Substituting for MC_i and continue with the calculations, we get:

$$\begin{array}{@{}rcl@{}} \frac{Q} {C} \sum\limits_{i = 1}^{N} \frac{q_{i}} {Q}\,\, MC_{i}&=& \frac{Q} {C} \sum\limits_{i = 1}^{N} \frac{q_{i}} {Q}\, \frac{C_{i}} {q_{i}}\, \left( \beta_{q}+\beta_{qq}\, \ln q_{i} +\beta_{qT}\, T+\beta_{qK}\,\ln \frac{w_{K}}{w_{M}}\right.\\&&\qquad\qquad\qquad\,\,\left.+\beta_{qL}\,\ln \frac{w_{L}}{w_{M}}+\beta_{qE}\,\ln \frac{w_{E}}{w_{M}}\right)\\ &=&\beta_{q}+\beta_{qq}\, {\sum}_{i = 1}^{N} \frac{C_{i}} {C}\,\,\ln q_{i} +\beta_{qT}\, T+\beta_{qK}\,\ln \frac{w_{K}}{w_{M}}+\beta_{qL}\,\ln \frac{w_{L}}{w_{M}}\\&&+\beta_{qE}\ln \frac{w_{E}}{w_{M}}\\ \end{array} $$

The second term on the right hand side of the equation above is the cost-share-weighted sum of the logarithm of firms’ quantities.
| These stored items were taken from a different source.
(* Let $\mathbf w\in\mathbb R^m$. (a) If $|\lambda|=2$, then $B_{\mathbf w}$ satisfies the strong majority criterion if and only if $\mathbf w(1)>\mathbf w(2)$. (b) If $|\lambda|>2$, then no nontrivial positional voting method $B_{\mathbf w}$ satisfies the strong majority criterion.
   Context: Fix an integer $n\ge 2$ and a set $\mathbf C$ of $n$ candidates. Fix a composition $\lambda=(\lambda_1,\dots,\lambda_m)$ of $n$ (positive integers with $\sum_i\lambda_i=n$), write $|\lambda|=m$ and $[m]=\{1,\dots,m\}$. A ballot is a function $b:\mathbf C\to[m]$ with $|b^{-1}(i)|=\lambda_i$ for every $i$; $\mathbf C_\lambda$ denotes the set of ballots. The profile space is $P=\mathbb R^{\mathbf C_\lambda}$ with basis $\{\delta_b\}$ (indicator functions) and inner product $\mathbf p\cdot\mathbf q=\sum_b\mathbf p(b)\mathbf q(b)$. For candidates $X,Y$: $\mathbf a_{X>Y}=\sum_{b:\,b(X)<b(Y)}\delta_b$ and $\mathbf r_{X>Y}=\mathbf a_{X>Y}-\mathbf a_{Y>X}$; by convention, $X$ defeats $Y$ in a head-to-head race in $\mathbf p$ iff $\mathbf p\cdot\mathbf r_{X>Y}>0$. For $\mathbf w\in\mathbb R^m$ (a function $[m]\to\mathbb R$) and $X\in\mathbf C$, $\mathbf v_X\in P$ is $\mathbf v_X(b)=\mathbf w(b(X))$; the positional voting method $B_{\mathbf w}:P\to\mathbb R^{\mathbf C}$ is $B_{\mathbf w}(\mathbf p)(X)=\mathbf p\cdot\mathbf v_X$. A map $F:P\to\mathbb R^{\mathbf C}$ is trivial if $F(\mathbf p)$ is a constant function on $\mathbf C$ for every $\mathbf p$, and nontrivial otherwise. $F$ satisfies the strong majority criterion if for every ordered pair of distinct candidates $X,Y$ and every $\mathbf p\in P$ with $\mathbf p\cdot\mathbf r_{X>Y}>0$, we have $F(\mathbf p)(X)>F(\mathbf p)(Y)$. *)

theory Defs
  imports Complex_Main
begin

(* Composition lambda = (lambda_1,...,lambda_m): a list lam, lambda_i = lam ! (i-1), m = length lam.
   Profiles: functions (('c => nat) => real); only values on ballots matter. *)

definition ballots :: "nat list \<Rightarrow> ('c::finite \<Rightarrow> nat) set" where
  "ballots lam = {b. (\<forall>X. b X \<in> {1..length lam}) \<and>
                     (\<forall>i\<in>{1..length lam}. card {X. b X = i} = lam ! (i - 1))}"

definition ip :: "nat list \<Rightarrow> (('c::finite \<Rightarrow> nat) \<Rightarrow> real) \<Rightarrow> (('c \<Rightarrow> nat) \<Rightarrow> real) \<Rightarrow> real" where
  "ip lam p q = (\<Sum>b\<in>ballots lam. p b * q b)"

definition a_vec :: "'c \<Rightarrow> 'c \<Rightarrow> ('c \<Rightarrow> nat) \<Rightarrow> real" where
  "a_vec X Y = (\<lambda>b. if b X < b Y then 1 else 0)"

definition r_vec :: "'c \<Rightarrow> 'c \<Rightarrow> ('c \<Rightarrow> nat) \<Rightarrow> real" where
  "r_vec X Y = (\<lambda>b. a_vec X Y b - a_vec Y X b)"

definition v_vec :: "(nat \<Rightarrow> real) \<Rightarrow> 'c \<Rightarrow> ('c \<Rightarrow> nat) \<Rightarrow> real" where
  "v_vec w X = (\<lambda>b. w (b X))"

definition positional :: "nat list \<Rightarrow> (nat \<Rightarrow> real) \<Rightarrow> (('c::finite \<Rightarrow> nat) \<Rightarrow> real) \<Rightarrow> 'c \<Rightarrow> real" where
  "positional lam w p X = ip lam p (v_vec w X)"

definition trivial_method :: "((('c \<Rightarrow> nat) \<Rightarrow> real) \<Rightarrow> 'c \<Rightarrow> real) \<Rightarrow> bool" where
  "trivial_method F \<longleftrightarrow> (\<forall>p. \<exists>c. \<forall>X. F p X = c)"

definition strong_majority :: "nat list \<Rightarrow> ((('c::finite \<Rightarrow> nat) \<Rightarrow> real) \<Rightarrow> 'c \<Rightarrow> real) \<Rightarrow> bool" where
  "strong_majority lam F \<longleftrightarrow>
     (\<forall>X Y p. X \<noteq> Y \<longrightarrow> ip lam p (r_vec X Y) > 0 \<longrightarrow> F p X > F p Y)"

end

theory Submission
  imports Defs "HOL-Library.FuncSet"
begin

text \<open>For two ranks a ballot only records which of X, Y is ahead, so
  B_w(p)(X) - B_w(p)(Y) = (w 1 - w 2) (p \<cdot> r_{X>Y}), and strong majority reduces
  to the sign of w 1 - w 2 (a single ballot ranking X first and Y second forces
  w 1 > w 2). With at least three ranks, take ballots b1, b2, b3 placing (X, Y) at
  ranks (1,2), (2,3), (1,3). The profile \<delta>_{b1} + \<delta>_{b2} - \<delta>_{b3} has
  p \<cdot> r_{X>Y} = 1 + 1 - 1 = 1, yet both X and Y score w 2. So strong majority fails
  for every w.\<close>

lemma finite_ballots: "finite (ballots lam :: ('c::finite \<Rightarrow> nat) set)"
proof -
  have "ballots lam \<subseteq> Pi\<^sub>E (UNIV::'c set) (\<lambda>_. {1..length lam})"
    unfolding ballots_def by (auto simp: PiE_def Pi_def)
  moreover have "finite (Pi\<^sub>E (UNIV::'c set) (\<lambda>_. {1..length lam}))"
    by (rule finite_PiE) auto
  ultimately show ?thesis by (rule finite_subset)
qed

lemma ip_add_left: "ip lam (\<lambda>b. p b + q b) s = ip lam p s + ip lam q s"
  unfolding ip_def by (simp add: algebra_simps sum.distrib)

lemma ip_diff_left: "ip lam (\<lambda>b. p b - q b) s = ip lam p s - ip lam q s"
  unfolding ip_def by (simp add: algebra_simps sum_subtractf)

lemma ip_indicator_left:
  assumes "b \<in> ballots lam"
  shows "ip lam (\<lambda>c. if c = b then 1 else 0) q = q (b::'c::finite \<Rightarrow> nat)"
proof -
  have "ip lam (\<lambda>c. if c = b then 1 else 0) q = (\<Sum>c\<in>ballots lam. if c = b then q c else 0)"
    unfolding ip_def by (rule sum.cong) auto
  also have "\<dots> = q b"
    using assms finite_ballots[of lam] by (subst sum.delta) auto
  finally show ?thesis .
qed

lemma bij_betw_prescribe_two:
  assumes "finite A" "card A = card B"
    and "x \<in> A" "y \<in> A" "x \<noteq> y" "x' \<in> B" "y' \<in> B" "x' \<noteq> y'"
  shows "\<exists>f. bij_betw f A B \<and> f x = x' \<and> f y = y'"
proof -
  have "finite B"
  proof (rule ccontr)
    assume "infinite B"
    then have "card A = 0" using assms(2) by simp
    with assms(1,3) show False by auto
  qed
  moreover have "card (A - {x,y}) = card (B - {x',y'})"
    using assms by (simp add: card_Diff_subset)
  ultimately obtain g where g: "bij_betw g (A - {x,y}) (B - {x',y'})"
    using finite_same_card_bij[of "A - {x,y}" "B - {x',y'}"] assms(1) by auto
  define f where "f z = (if z = x then x' else if z = y then y' else g z)" for z
  have "bij_betw f (A - {x,y}) (B - {x',y'})"
    using g by (rule bij_betw_cong[THEN iffD1, rotated]) (auto simp: f_def)
  moreover have "bij_betw f {x,y} {x',y'}"
    using assms by (auto simp: bij_betw_def f_def inj_on_def)
  ultimately have "bij_betw f ((A - {x,y}) \<union> {x,y}) ((B - {x',y'}) \<union> {x',y'})"
    by (rule bij_betw_combine) auto
  moreover have "(A - {x,y}) \<union> {x,y} = A" "(B - {x',y'}) \<union> {x',y'} = B"
    using assms by auto
  ultimately show ?thesis using assms(5) by (auto simp: f_def)
qed

text \<open>A ballot is the same thing as a bijection of the candidates onto the slots
  (k, j) with j < \<lambda>_k, read off by the first component.\<close>

definition ballot_slots :: "nat list \<Rightarrow> (nat \<times> nat) set" where
  "ballot_slots lam = Sigma {1..length lam} (\<lambda>k. {..<lam ! (k - 1)})"

lemma card_ballot_slots:
  assumes "sum_list lam = card (UNIV :: 'c::finite set)"
  shows "card (ballot_slots lam) = card (UNIV :: 'c set)"
proof -
  have "card (ballot_slots lam) = (\<Sum>k\<in>{1..length lam}. lam ! (k - 1))"
    unfolding ballot_slots_def by (simp add: card_SigmaI)
  also have "\<dots> = (\<Sum>k<length lam. lam ! k)"
    by (simp add: sum.atLeast1_atMost_eq)
  also have "\<dots> = card (UNIV :: 'c set)"
    using assms by (simp add: sum_list_sum_nth atLeast0LessThan)
  finally show ?thesis .
qed

lemma fst_bij_in_ballots:
  assumes "bij_betw f (UNIV :: 'c::finite set) (ballot_slots lam)"
  shows "fst \<circ> f \<in> ballots lam"
  unfolding ballots_def
proof (intro CollectI conjI allI ballI)
  have f_in: "f Z \<in> ballot_slots lam" for Z
    using assms by (auto simp: bij_betw_def)
  fix Z show "(fst \<circ> f) Z \<in> {1..length lam}"
    using f_in[of Z] by (auto simp: ballot_slots_def)
next
  fix k assume k: "k \<in> {1..length lam}"
  have "bij_betw f {Z. (fst \<circ> f) Z = k} {s \<in> ballot_slots lam. fst s = k}"
    by (rule bij_betw_subset[OF assms]) (use assms in \<open>force simp: bij_betw_def\<close>)+
  then have "card {Z. (fst \<circ> f) Z = k} = card {s \<in> ballot_slots lam. fst s = k}"
    by (rule bij_betw_same_card)
  also have "{s \<in> ballot_slots lam. fst s = k} = {k} \<times> {..<lam ! (k - 1)}"
    using k by (auto simp: ballot_slots_def)
  finally show "card {Z. (fst \<circ> f) Z = k} = lam ! (k - 1)"
    by (simp add: card_cartesian_product)
qed

lemma ex_ballot_ranks:
  fixes X Y :: "'c::finite"
  assumes "\<forall>i\<in>set lam. i > 0" and "sum_list lam = card (UNIV :: 'c set)"
    and "X \<noteq> Y" "i \<in> {1..length lam}" "j \<in> {1..length lam}" "i \<noteq> j"
  shows "\<exists>b\<in>ballots lam. b X = i \<and> b Y = j"
proof -
  have "lam ! (k - 1) > 0" if "k \<in> {1..length lam}" for k
    using assms(1) that by (auto intro!: nth_mem bspec[OF assms(1)])
  then have "(i, 0) \<in> ballot_slots lam" "(j, 0) \<in> ballot_slots lam"
    using assms(4,5) by (auto simp: ballot_slots_def)
  then obtain f where f: "bij_betw f UNIV (ballot_slots lam)" "f X = (i, 0)" "f Y = (j, 0)"
    using bij_betw_prescribe_two[of UNIV "ballot_slots lam" X Y "(i, 0)" "(j, 0)"]
      card_ballot_slots[OF assms(2)] assms(3,6) by auto
  then show ?thesis using fst_bij_in_ballots[OF f(1)] by (intro bexI[of _ "fst \<circ> f"]) auto
qed

lemma positional_diff_two_ranks:
  assumes "length lam = 2"
  shows "positional lam w p X - positional lam w p Y = (w 1 - w 2) * ip lam p (r_vec X Y)"
proof -
  have "positional lam w p X - positional lam w p Y
      = (\<Sum>b\<in>ballots lam. p b * (w (b X) - w (b Y)))"
    unfolding positional_def ip_def v_vec_def by (simp add: sum_subtractf algebra_simps)
  also have "\<dots> = (\<Sum>b\<in>ballots lam. (w 1 - w 2) * (p b * r_vec X Y b))"
  proof (rule sum.cong[OF refl])
    fix b :: "'a \<Rightarrow> nat" assume "b \<in> ballots lam"
    then have "b X \<in> {1, 2}" "b Y \<in> {1, 2}"
      using assms unfolding ballots_def
      by (auto, metis le_antisym not_less_eq_eq numeral_2_eq_2)+
    then show "p b * (w (b X) - w (b Y)) = (w 1 - w 2) * (p b * r_vec X Y b)"
      unfolding r_vec_def a_vec_def by (auto simp: algebra_simps)
  qed
  also have "\<dots> = (w 1 - w 2) * ip lam p (r_vec X Y)"
    unfolding ip_def by (simp add: sum_distrib_left)
  finally show ?thesis .
qed

lemma strong_majority_positional_two_ranks_iff:
  fixes X Y :: "'c::finite"
  assumes "\<forall>i\<in>set lam. i > 0" and "sum_list lam = card (UNIV :: 'c set)"
    and "X \<noteq> Y" "length lam = 2"
  shows "strong_majority lam (positional lam w :: (('c \<Rightarrow> nat) \<Rightarrow> real) \<Rightarrow> 'c \<Rightarrow> real)
           \<longleftrightarrow> w 1 > w 2"
proof
  assume sm: "strong_majority lam (positional lam w :: (('c \<Rightarrow> nat) \<Rightarrow> real) \<Rightarrow> 'c \<Rightarrow> real)"
  obtain b where b: "b \<in> ballots lam" "b X = 1" "b Y = 2"
    using ex_ballot_ranks[OF assms(1-3), of 1 2] assms(4) by auto
  define p where "p = (\<lambda>c. if c = b then 1 else (0::real))"
  have margin: "ip lam p (r_vec X Y) = 1"
    unfolding p_def ip_indicator_left[OF b(1)] using b by (simp add: r_vec_def a_vec_def)
  then have "positional lam w p X > positional lam w p Y"
    using sm assms(3) unfolding strong_majority_def by auto
  then show "w 1 > w 2"
    using positional_diff_two_ranks[OF assms(4), of w p X Y] margin by simp
next
  assume "w 1 > w 2"
  then show "strong_majority lam (positional lam w :: (('c \<Rightarrow> nat) \<Rightarrow> real) \<Rightarrow> 'c \<Rightarrow> real)"
    unfolding strong_majority_def
    using positional_diff_two_ranks[OF assms(4)] by (metis diff_gt_0_iff_gt mult_pos_pos)
qed

lemma not_strong_majority_positional:
  fixes X Y :: "'c::finite"
  assumes "\<forall>i\<in>set lam. i > 0" and "sum_list lam = card (UNIV :: 'c set)"
    and XY: "X \<noteq> Y" and "length lam > 2"
  shows "\<not> strong_majority lam (positional lam w :: (('c \<Rightarrow> nat) \<Rightarrow> real) \<Rightarrow> 'c \<Rightarrow> real)"
proof -
  obtain b1 where b1: "b1 \<in> ballots lam" "b1 X = 1" "b1 Y = 2"
    using ex_ballot_ranks[OF assms(1,2) XY, of 1 2] assms(4) by auto
  obtain b2 where b2: "b2 \<in> ballots lam" "b2 X = 2" "b2 Y = 3"
    using ex_ballot_ranks[OF assms(1,2) XY, of 2 3] assms(4) by auto
  obtain b3 where b3: "b3 \<in> ballots lam" "b3 X = 1" "b3 Y = 3"
    using ex_ballot_ranks[OF assms(1,2) XY, of 1 3] assms(4) by auto
  define p where "p = (\<lambda>c. (if c = b1 then 1 else 0) + (if c = b2 then 1 else 0)
                             - (if c = b3 then 1 else (0::real)))"
  have ip_p: "ip lam p q = q b1 + q b2 - q b3" for q
    unfolding p_def ip_diff_left ip_add_left
    by (simp add: ip_indicator_left b1(1) b2(1) b3(1))
  have "ip lam p (r_vec X Y) > 0"
    using b1 b2 b3 by (simp add: ip_p r_vec_def a_vec_def)
  moreover have "positional lam w p X = positional lam w p Y"
    using b1 b2 b3 by (simp add: positional_def ip_p v_vec_def)
  ultimately show ?thesis
    using XY unfolding strong_majority_def by force
qed

theorem mainTheorem10:
  fixes lam :: "nat list" and w :: "nat \<Rightarrow> real"
  assumes "card (UNIV :: 'c::finite set) \<ge> 2"
    and "\<forall>i\<in>set lam. i > 0"
    and "sum_list lam = card (UNIV :: 'c set)"
  shows "(length lam = 2 \<longrightarrow>
            (strong_majority lam (positional lam w :: (('c \<Rightarrow> nat) \<Rightarrow> real) \<Rightarrow> 'c \<Rightarrow> real)
               \<longleftrightarrow> w 1 > w 2))
       \<and> (length lam > 2 \<longrightarrow>
            \<not> trivial_method (positional lam w :: (('c \<Rightarrow> nat) \<Rightarrow> real) \<Rightarrow> 'c \<Rightarrow> real) \<longrightarrow>
            \<not> strong_majority lam (positional lam w :: (('c \<Rightarrow> nat) \<Rightarrow> real) \<Rightarrow> 'c \<Rightarrow> real))"
proof -
  obtain X Y :: 'c where "X \<noteq> Y"
    using assms(1) card_le_Suc0_iff_eq[of "UNIV :: 'c set"] by fastforce
  then show ?thesis
    using strong_majority_positional_two_ranks_iff[OF assms(2,3)]
      not_strong_majority_positional[OF assms(2,3)] by blast
qed

end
Had data on firm level been available, i.e. observations on each firm’s q_i, we would be able to calculate the terms C_i and C and proceed with our estimation. In the absence of panel data on firm level, an aggregate translog processing cost function is employed. Hence, this study approximates the cost-share-weighted sum of the logarithm of firms’ quantities with the logarithm of the industry’s total quantity. The expression \(\frac {dlnC} {dlnQ}\) assumes the following form:

$$\begin{array}{@{}rcl@{}} \frac{dlnC} {dlnQ} \,=\, B_{Q}\,+\,B_{QQ}\,\ln Q +B_{QT}\, T +B_{QK}\, \ln \frac{w_{K}}{w_{M}}+B_{QL}\, \ln \frac{w_{L}}{w_{M}}+B_{QE}\,\ln \frac{w_{E}}{w_{M}} +u+\eta \end{array} $$

The expression above is the relationship on the right hand side of Eq. 25.